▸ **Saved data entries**
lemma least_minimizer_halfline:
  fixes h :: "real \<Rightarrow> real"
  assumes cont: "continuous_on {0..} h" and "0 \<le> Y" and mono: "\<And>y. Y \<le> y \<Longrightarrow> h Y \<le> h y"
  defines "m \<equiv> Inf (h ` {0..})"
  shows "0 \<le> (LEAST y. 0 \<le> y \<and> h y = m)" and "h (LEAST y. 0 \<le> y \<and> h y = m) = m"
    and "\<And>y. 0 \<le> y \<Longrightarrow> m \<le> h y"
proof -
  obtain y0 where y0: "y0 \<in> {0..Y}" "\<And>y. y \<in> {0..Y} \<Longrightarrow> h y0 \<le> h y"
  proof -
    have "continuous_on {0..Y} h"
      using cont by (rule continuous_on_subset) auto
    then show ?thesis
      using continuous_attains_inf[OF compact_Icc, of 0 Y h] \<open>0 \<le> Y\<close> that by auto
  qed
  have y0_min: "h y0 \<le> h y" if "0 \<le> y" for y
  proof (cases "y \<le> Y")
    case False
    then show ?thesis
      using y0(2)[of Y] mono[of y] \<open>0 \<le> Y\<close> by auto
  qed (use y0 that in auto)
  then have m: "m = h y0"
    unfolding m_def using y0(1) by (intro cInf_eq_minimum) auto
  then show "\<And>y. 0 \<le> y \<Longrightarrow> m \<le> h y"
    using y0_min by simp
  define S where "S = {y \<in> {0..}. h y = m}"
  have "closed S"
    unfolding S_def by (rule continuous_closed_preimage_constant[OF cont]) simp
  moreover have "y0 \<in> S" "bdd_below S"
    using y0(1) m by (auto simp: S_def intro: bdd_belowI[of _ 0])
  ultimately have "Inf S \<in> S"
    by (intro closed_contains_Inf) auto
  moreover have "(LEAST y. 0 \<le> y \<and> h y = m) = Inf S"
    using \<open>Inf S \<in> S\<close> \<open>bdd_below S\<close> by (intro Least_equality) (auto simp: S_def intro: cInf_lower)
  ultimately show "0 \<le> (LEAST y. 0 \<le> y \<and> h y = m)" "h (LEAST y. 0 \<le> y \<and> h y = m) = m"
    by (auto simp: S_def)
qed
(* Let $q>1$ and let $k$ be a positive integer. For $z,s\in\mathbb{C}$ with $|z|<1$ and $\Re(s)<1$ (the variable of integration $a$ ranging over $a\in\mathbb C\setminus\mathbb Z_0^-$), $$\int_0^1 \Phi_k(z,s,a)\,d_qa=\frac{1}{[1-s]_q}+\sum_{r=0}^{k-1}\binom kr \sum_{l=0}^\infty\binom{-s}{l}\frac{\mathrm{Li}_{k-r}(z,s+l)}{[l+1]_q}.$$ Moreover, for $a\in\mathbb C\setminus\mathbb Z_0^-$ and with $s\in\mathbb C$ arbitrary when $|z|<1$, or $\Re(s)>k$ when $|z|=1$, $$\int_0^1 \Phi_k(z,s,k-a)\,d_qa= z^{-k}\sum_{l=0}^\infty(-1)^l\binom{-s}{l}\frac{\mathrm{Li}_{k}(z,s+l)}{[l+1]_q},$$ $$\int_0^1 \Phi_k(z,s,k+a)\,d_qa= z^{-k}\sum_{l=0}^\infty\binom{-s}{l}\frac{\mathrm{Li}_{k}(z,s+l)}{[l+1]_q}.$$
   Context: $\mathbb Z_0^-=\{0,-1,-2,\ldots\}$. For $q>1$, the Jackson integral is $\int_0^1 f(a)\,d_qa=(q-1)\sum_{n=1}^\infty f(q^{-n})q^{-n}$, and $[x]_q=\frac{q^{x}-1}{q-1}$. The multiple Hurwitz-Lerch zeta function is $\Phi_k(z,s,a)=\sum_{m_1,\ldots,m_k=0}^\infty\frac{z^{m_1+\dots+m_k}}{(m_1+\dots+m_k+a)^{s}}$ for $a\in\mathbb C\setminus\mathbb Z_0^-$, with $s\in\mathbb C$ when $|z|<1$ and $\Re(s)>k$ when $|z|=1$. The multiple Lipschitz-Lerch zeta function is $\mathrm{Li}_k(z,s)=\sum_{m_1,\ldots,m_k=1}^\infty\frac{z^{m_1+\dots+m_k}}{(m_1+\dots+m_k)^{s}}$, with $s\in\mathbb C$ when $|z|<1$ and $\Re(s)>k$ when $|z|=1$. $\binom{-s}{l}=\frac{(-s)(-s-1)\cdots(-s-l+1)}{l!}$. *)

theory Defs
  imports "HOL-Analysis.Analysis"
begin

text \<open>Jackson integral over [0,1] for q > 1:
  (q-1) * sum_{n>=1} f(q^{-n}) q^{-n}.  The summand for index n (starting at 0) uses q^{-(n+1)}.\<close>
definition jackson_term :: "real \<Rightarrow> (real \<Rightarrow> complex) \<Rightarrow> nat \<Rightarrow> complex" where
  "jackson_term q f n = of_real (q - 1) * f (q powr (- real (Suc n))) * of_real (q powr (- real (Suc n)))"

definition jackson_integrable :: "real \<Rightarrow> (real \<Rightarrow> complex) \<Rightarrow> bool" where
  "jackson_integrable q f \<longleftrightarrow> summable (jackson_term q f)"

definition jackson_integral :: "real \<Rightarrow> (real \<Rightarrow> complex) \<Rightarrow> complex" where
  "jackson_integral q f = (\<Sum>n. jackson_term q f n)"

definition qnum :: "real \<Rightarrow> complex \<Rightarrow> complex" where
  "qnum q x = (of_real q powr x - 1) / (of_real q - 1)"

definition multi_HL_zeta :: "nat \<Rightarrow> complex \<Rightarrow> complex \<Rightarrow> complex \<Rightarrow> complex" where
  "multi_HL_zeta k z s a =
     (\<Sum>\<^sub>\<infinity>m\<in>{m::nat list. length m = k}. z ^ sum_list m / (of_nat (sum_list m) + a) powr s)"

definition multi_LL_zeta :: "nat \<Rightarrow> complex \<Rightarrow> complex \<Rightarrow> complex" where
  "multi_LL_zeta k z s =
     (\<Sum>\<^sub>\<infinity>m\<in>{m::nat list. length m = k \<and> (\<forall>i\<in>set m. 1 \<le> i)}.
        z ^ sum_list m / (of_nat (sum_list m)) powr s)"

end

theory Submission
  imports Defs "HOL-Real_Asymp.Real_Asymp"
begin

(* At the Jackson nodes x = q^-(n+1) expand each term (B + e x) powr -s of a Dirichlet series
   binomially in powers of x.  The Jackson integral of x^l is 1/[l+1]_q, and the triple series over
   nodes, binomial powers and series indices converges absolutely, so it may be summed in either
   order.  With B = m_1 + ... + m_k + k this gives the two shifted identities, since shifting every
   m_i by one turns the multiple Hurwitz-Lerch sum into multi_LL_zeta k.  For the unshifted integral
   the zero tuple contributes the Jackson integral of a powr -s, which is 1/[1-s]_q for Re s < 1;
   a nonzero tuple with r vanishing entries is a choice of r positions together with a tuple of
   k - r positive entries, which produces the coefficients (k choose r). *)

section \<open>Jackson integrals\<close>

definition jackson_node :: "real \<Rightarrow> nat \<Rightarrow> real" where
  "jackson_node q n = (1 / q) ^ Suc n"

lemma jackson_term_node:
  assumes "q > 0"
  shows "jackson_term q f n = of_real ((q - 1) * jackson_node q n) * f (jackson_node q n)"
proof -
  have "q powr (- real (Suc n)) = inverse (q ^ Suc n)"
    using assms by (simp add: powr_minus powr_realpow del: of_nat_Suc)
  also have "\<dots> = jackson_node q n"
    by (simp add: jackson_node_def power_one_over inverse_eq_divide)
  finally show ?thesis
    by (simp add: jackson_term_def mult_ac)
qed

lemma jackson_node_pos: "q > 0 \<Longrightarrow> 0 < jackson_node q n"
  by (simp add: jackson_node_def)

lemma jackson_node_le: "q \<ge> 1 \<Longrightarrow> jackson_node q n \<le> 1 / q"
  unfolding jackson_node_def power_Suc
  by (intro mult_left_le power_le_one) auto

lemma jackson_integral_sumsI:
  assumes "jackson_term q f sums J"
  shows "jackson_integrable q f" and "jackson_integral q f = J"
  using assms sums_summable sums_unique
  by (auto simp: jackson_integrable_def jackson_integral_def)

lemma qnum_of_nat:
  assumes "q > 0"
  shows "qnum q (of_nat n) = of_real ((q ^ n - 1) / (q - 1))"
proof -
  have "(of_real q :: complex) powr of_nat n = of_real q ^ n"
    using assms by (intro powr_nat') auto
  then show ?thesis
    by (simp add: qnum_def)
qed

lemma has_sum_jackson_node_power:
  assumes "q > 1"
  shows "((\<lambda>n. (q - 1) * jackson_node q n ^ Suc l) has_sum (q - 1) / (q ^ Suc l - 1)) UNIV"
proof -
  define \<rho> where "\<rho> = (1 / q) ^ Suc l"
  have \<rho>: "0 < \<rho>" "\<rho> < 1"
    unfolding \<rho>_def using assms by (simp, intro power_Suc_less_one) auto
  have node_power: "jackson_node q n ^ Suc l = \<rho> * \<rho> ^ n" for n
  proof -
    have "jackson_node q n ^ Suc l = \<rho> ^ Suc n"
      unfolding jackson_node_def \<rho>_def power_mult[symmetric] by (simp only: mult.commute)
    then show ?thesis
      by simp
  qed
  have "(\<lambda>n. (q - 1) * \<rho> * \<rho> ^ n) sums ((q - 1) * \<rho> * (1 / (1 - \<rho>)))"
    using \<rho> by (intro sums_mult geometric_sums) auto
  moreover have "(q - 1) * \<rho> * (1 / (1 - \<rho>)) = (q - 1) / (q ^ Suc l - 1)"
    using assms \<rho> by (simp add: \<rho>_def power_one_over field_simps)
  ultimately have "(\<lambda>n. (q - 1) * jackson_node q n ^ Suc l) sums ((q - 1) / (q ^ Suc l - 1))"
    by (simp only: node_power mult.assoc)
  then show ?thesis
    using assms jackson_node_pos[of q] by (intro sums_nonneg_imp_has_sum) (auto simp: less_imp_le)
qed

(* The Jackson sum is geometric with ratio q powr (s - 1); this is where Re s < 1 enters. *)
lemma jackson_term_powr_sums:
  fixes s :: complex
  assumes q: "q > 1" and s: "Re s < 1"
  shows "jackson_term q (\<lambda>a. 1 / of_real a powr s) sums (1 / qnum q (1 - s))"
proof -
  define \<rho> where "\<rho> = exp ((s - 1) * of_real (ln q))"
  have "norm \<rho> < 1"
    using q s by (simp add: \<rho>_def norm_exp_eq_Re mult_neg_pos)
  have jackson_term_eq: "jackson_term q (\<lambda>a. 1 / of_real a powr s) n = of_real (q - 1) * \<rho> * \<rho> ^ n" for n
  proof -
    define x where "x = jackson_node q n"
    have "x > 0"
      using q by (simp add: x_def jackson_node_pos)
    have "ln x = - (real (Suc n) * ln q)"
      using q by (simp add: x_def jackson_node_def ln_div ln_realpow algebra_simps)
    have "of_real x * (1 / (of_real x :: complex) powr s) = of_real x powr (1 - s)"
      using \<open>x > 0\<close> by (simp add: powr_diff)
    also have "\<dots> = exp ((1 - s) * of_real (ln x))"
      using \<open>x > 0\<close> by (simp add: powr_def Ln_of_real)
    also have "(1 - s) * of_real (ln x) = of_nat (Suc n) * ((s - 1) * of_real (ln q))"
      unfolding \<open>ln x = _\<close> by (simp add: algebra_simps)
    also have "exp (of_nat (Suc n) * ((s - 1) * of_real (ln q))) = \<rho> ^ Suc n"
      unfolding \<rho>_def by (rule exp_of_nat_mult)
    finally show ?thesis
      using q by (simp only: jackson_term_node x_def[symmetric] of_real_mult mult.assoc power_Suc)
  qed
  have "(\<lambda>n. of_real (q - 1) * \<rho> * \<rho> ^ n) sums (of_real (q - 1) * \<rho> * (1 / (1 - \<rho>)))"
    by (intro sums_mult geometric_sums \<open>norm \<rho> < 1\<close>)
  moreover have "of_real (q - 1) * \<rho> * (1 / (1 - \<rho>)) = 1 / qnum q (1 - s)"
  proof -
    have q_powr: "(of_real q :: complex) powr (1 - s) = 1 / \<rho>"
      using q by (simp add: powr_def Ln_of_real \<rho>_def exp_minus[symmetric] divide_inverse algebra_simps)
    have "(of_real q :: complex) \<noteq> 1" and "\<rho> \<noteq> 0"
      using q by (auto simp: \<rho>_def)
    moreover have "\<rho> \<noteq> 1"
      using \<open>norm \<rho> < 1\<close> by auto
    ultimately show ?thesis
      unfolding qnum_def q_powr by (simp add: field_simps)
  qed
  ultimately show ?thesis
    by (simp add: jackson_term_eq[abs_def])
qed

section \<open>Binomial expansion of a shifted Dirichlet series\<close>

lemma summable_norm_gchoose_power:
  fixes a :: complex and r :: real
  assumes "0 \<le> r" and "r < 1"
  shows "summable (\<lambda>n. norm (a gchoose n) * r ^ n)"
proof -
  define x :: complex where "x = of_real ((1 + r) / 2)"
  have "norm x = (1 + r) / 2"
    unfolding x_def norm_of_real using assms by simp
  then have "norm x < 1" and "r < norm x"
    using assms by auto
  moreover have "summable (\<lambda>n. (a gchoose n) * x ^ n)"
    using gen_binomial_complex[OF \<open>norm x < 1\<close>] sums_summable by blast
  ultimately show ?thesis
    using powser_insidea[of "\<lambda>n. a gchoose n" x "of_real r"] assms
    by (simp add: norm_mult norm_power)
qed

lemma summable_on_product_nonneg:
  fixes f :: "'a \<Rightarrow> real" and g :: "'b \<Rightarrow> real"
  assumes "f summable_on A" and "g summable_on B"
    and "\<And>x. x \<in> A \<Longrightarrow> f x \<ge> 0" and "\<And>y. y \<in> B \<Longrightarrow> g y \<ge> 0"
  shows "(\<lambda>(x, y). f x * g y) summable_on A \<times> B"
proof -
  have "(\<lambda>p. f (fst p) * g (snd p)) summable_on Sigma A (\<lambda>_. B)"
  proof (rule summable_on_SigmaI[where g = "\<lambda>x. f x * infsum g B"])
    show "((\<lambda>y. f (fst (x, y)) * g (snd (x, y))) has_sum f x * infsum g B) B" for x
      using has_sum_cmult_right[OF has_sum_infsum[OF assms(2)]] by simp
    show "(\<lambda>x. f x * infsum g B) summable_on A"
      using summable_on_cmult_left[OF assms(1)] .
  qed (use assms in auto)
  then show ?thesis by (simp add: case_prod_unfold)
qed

▸ **Exercise goal**
Which lines of the entries above contain the string "Dirichlet"? Copy each one.

▸ **Answer below**
(* At the Jackson nodes x = q^-(n+1) expand each term (B + e x) powr -s of a Dirichlet series
section \<open>Binomial expansion of a shifted Dirichlet series\<close>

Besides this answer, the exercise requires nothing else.